Exercise instructions: Pull every "Const" line out of the data below.

Data in this exercise:

(* The system MaxSAT resolution $+$ cost-SR is sound: if from a MaxSAT instance with satisfiable hard clauses $H_0=\{C_1\lor b_1,\dots,C_m\lor b_m\}$ and soft clauses $S_0=\{\lnot b_1,\dots,\lnot b_m\}$ there is a MaxSAT resolution $+$ cost-SR derivation $(H_0,S_0),\dots,(H_t,S_t)$ such that $S_t$ contains the empty clause $\bot$ with multiplicity $k$, then every assignment satisfying $H_0$ falsifies at least $k$ clauses of $S_0$; equivalently $\mathrm{cost}(H_0)\ge k$.
   Context: $b_1,\dots,b_m$ are distinct blocking variables not occurring in $C_1,\dots,C_m$; $\mathrm{cost}(\alpha)=\sum_i\alpha(b_i)$, $\mathrm{cost}(H)=\min\{\mathrm{cost}(\alpha):\alpha\text{ total},\alpha\models H\}$. Notation: substitutions map variables to $0,1$ or literals ($\sigma(\lnot x)=\lnot\sigma(x)$); $(\sigma\circ\tau)(x)=\sigma(\tau(x))$; $C{\upharpoonright}_\sigma$ and $\Gamma{\upharpoonright}_\sigma$ denote restriction (clauses set to $1$ removed); $\lnot C$ is the partial assignment falsifying all literals of $C$; $\Gamma\vdash_1 C$ means unit propagation on $\Gamma{\upharpoonright}_{\lnot C}$ derives $\bot$, and $\Gamma\vdash_1\Delta$ means this for all $D\in\Delta$. $C$ is cost-SR w.r.t. $\Gamma$ if some substitution $\sigma$ satisfies (1) $\Gamma{\upharpoonright}_{\lnot C}\vdash_1(\Gamma\cup\{C\}){\upharpoonright}_\sigma$ and (2) $\mathrm{cost}(\tau\circ\sigma)\le\mathrm{cost}(\tau)$ for all total $\tau\supseteq\lnot C$. A MaxSAT resolution $+$ cost-SR derivation is a sequence of pairs of multisets $(H_i,S_i)$ where each step is one of: (a) $S_i=S_{i-1}$, $H_i=H_{i-1}\cup\{C\}$ with $C$ obtained by resolution (or weakening) from $H_{i-1}$; (a') $S_i=S_{i-1}$, $H_i=H_{i-1}\cup\{C\}$ with $C$ cost-SR w.r.t. $H_{i-1}$; (b) $S_i=S_{i-1}\cup\{C\}$ for some $C\in H_{i-1}$, $H_i=H_{i-1}$; (c) $S_i=S_{i-1}\setminus\{C\}\cup\{C\lor x,C\lor\lnot x\}$ for $C\in S_{i-1}$, $H_i=H_{i-1}$; (d) $S_i=S_{i-1}\setminus\{C\lor x,C\lor\lnot x\}\cup\{C\}$ for $\{C\lor x,C\lor\lnot x\}\subseteq S_{i-1}$, $H_i=H_{i-1}$. *)

theory Defs
  imports "HOL-Library.Multiset"
begin

datatype 'v lit = Pos 'v | Neg 'v

fun lneg :: "'v lit \<Rightarrow> 'v lit" where
  "lneg (Pos x) = Neg x"
| "lneg (Neg x) = Pos x"

type_synonym 'v clause = "'v lit set"

fun lit_val :: "('v \<Rightarrow> bool) \<Rightarrow> 'v lit \<Rightarrow> bool" where
  "lit_val \<alpha> (Pos x) = \<alpha> x"
| "lit_val \<alpha> (Neg x) = (\<not> \<alpha> x)"

definition sat_clause :: "('v \<Rightarrow> bool) \<Rightarrow> 'v clause \<Rightarrow> bool" where
  "sat_clause \<alpha> C \<longleftrightarrow> (\<exists>l\<in>C. lit_val \<alpha> l)"

definition sat_mset :: "('v \<Rightarrow> bool) \<Rightarrow> 'v clause multiset \<Rightarrow> bool" where
  "sat_mset \<alpha> F \<longleftrightarrow> (\<forall>C\<in>#F. sat_clause \<alpha> C)"

datatype 'v slit = Const bool | Lit "'v lit"

fun sneg :: "'v slit \<Rightarrow> 'v slit" where
  "sneg (Const b) = Const (\<not> b)"
| "sneg (Lit l) = Lit (lneg l)"

type_synonym 'v subst = "'v \<Rightarrow> 'v slit"

fun subst_lit :: "'v subst \<Rightarrow> 'v lit \<Rightarrow> 'v slit" where
  "subst_lit \<sigma> (Pos x) = \<sigma> x"
| "subst_lit \<sigma> (Neg x) = sneg (\<sigma> x)"

definition subst_sat :: "'v subst \<Rightarrow> 'v clause \<Rightarrow> bool" where
  "subst_sat \<sigma> C \<longleftrightarrow> (\<exists>l\<in>C. subst_lit \<sigma> l = Const True)"

definition subst_clause :: "'v subst \<Rightarrow> 'v clause \<Rightarrow> 'v clause" where
  "subst_clause \<sigma> C = {l'. \<exists>l\<in>C. subst_lit \<sigma> l = Lit l'}"

definition restrict :: "'v clause set \<Rightarrow> 'v subst \<Rightarrow> 'v clause set" where
  "restrict \<Gamma> \<sigma> = {subst_clause \<sigma> D | D. D \<in> \<Gamma> \<and> \<not> subst_sat \<sigma> D}"

text \<open>The partial assignment \<open>\<not>C\<close> falsifying all literals of C, as a substitution
  (identity on variables not occurring in C).\<close>
definition negC :: "'v clause \<Rightarrow> 'v subst" where
  "negC C x = (if Pos x \<in> C then Const False else if Neg x \<in> C then Const True else Lit (Pos x))"

fun slit_val :: "('v \<Rightarrow> bool) \<Rightarrow> 'v slit \<Rightarrow> bool" where
  "slit_val \<tau> (Const b) = b"
| "slit_val \<tau> (Lit l) = lit_val \<tau> l"

definition comp_assign :: "('v \<Rightarrow> bool) \<Rightarrow> 'v subst \<Rightarrow> ('v \<Rightarrow> bool)" where
  "comp_assign \<tau> \<sigma> = (\<lambda>x. slit_val \<tau> (\<sigma> x))"

definition extends_negC :: "('v \<Rightarrow> bool) \<Rightarrow> 'v clause \<Rightarrow> bool" where
  "extends_negC \<tau> C \<longleftrightarrow> (\<forall>l\<in>C. \<not> lit_val \<tau> l)"

inductive up_refutes :: "'v clause set \<Rightarrow> bool" where
  up_empty: "{} \<in> F \<Longrightarrow> up_refutes F"
| up_unit: "{l} \<in> F \<Longrightarrow> up_refutes (restrict F (negC {lneg l})) \<Longrightarrow> up_refutes F"

definition up_implies :: "'v clause set \<Rightarrow> 'v clause \<Rightarrow> bool" where
  "up_implies \<Gamma> D \<longleftrightarrow> up_refutes (restrict \<Gamma> (negC D))"

text \<open>Blocking variables are \<open>b 0, \<dots>, b (m-1)\<close>.\<close>
definition cost_assign :: "(nat \<Rightarrow> 'v) \<Rightarrow> nat \<Rightarrow> ('v \<Rightarrow> bool) \<Rightarrow> nat" where
  "cost_assign b m \<alpha> = (\<Sum>i<m. if \<alpha> (b i) then 1 else 0)"

definition cost_hard :: "(nat \<Rightarrow> 'v) \<Rightarrow> nat \<Rightarrow> 'v clause multiset \<Rightarrow> nat" where
  "cost_hard b m H = (LEAST c. \<exists>\<alpha>. sat_mset \<alpha> H \<and> cost_assign b m \<alpha> = c)"

definition cost_SR :: "(nat \<Rightarrow> 'v) \<Rightarrow> nat \<Rightarrow> 'v clause multiset \<Rightarrow> 'v clause \<Rightarrow> bool" where
  "cost_SR b m \<Gamma> C \<longleftrightarrow> (\<exists>\<sigma>.
     (\<forall>D\<in>restrict (set_mset \<Gamma> \<union> {C}) \<sigma>. up_implies (restrict (set_mset \<Gamma>) (negC C)) D) \<and>
     (\<forall>\<tau>. extends_negC \<tau> C \<longrightarrow> cost_assign b m (comp_assign \<tau> \<sigma>) \<le> cost_assign b m \<tau>))"

definition res_or_weak :: "'v clause multiset \<Rightarrow> 'v clause \<Rightarrow> bool" where
  "res_or_weak H C \<longleftrightarrow>
     (\<exists>D E x. D \<in># H \<and> E \<in># H \<and> Pos x \<in> D \<and> Neg x \<in> E \<and>
        C = (D - {Pos x}) \<union> (E - {Neg x})) \<or>
     (\<exists>D. D \<in># H \<and> D \<subseteq> C \<and> finite C)"

text \<open>One step of a MaxSAT resolution + cost-SR derivation, rules (a), (a'), (b), (c), (d).
  \<open>C \<or> x\<close> is \<open>insert (Pos x) C\<close>.\<close>
definition deriv_step :: "(nat \<Rightarrow> 'v) \<Rightarrow> nat \<Rightarrow>
    'v clause multiset \<Rightarrow> 'v clause multiset \<Rightarrow> 'v clause multiset \<Rightarrow> 'v clause multiset \<Rightarrow> bool" where
  "deriv_step b m H S H' S' \<longleftrightarrow>
     (S' = S \<and> (\<exists>C. res_or_weak H C \<and> H' = add_mset C H)) \<or>
     (S' = S \<and> (\<exists>C. finite C \<and> cost_SR b m H C \<and> H' = add_mset C H)) \<or>
     (H' = H \<and> (\<exists>C. C \<in># H \<and> S' = add_mset C S)) \<or>
     (H' = H \<and> (\<exists>C x. C \<in># S \<and>
         S' = add_mset (insert (Pos x) C) (add_mset (insert (Neg x) C) (S - {#C#})))) \<or>
     (H' = H \<and> (\<exists>C x. {#insert (Pos x) C, insert (Neg x) C#} \<subseteq># S \<and>
         S' = add_mset C (S - {#insert (Pos x) C, insert (Neg x) C#})))"

end

theory Submission
  imports Defs
begin

text \<open>Two invariants along a derivation give soundness. First, every assignment \<open>\<alpha>\<close> satisfying
  \<open>H\<^sub>0\<close> can be traded for an assignment satisfying \<open>H\<^sub>i\<close> of no larger cost: resolution and
  weakening are sound, and if \<open>\<alpha>\<close> falsifies a cost-SR clause \<open>C\<close> with witness \<open>\<sigma>\<close>, then
  \<open>\<alpha> \<circ> \<sigma>\<close> satisfies \<open>H \<union> {C}\<close> (because unit propagation is sound) and is not more costly.
  Second, since \<open>H\<^sub>0 \<subseteq> H\<^sub>i\<close>, an assignment satisfying \<open>H\<^sub>i\<close> falsifies as many clauses of
  \<open>S\<^sub>i\<close> as of \<open>S\<^sub>0\<close>: rule (b) only adds satisfied clauses, and splitting or merging on a
  variable \<open>x\<close> does not change the number of falsified clauses. As the empty clause is always
  falsified and the falsified clauses of \<open>S\<^sub>0 = {\<not>b\<^sub>1, \<dots>, \<not>b\<^sub>m}\<close> are counted by the cost,
  \<open>k \<le> cost \<beta> \<le> cost \<alpha>\<close>.\<close>

lemma lit_val_lneg [simp]: "lit_val \<alpha> (lneg l) \<longleftrightarrow> \<not> lit_val \<alpha> l"
  by (cases l) auto

lemma slit_val_sneg [simp]: "slit_val \<tau> (sneg s) \<longleftrightarrow> \<not> slit_val \<tau> s"
  by (cases s) auto

lemma lit_val_comp_assign: "lit_val (comp_assign \<tau> \<sigma>) l = slit_val \<tau> (subst_lit \<sigma> l)"
  by (cases l) (simp_all add: comp_assign_def)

Result of the task:
datatype 'v slit = Const bool | Lit "'v lit"
  "sneg (Const b) = Const (\<not> b)"
  "subst_sat \<sigma> C \<longleftrightarrow> (\<exists>l\<in>C. subst_lit \<sigma> l = Const True)"
  "negC C x = (if Pos x \<in> C then Const False else if Neg x \<in> C then Const True else Lit (Pos x))"
  "slit_val \<tau> (Const b) = b"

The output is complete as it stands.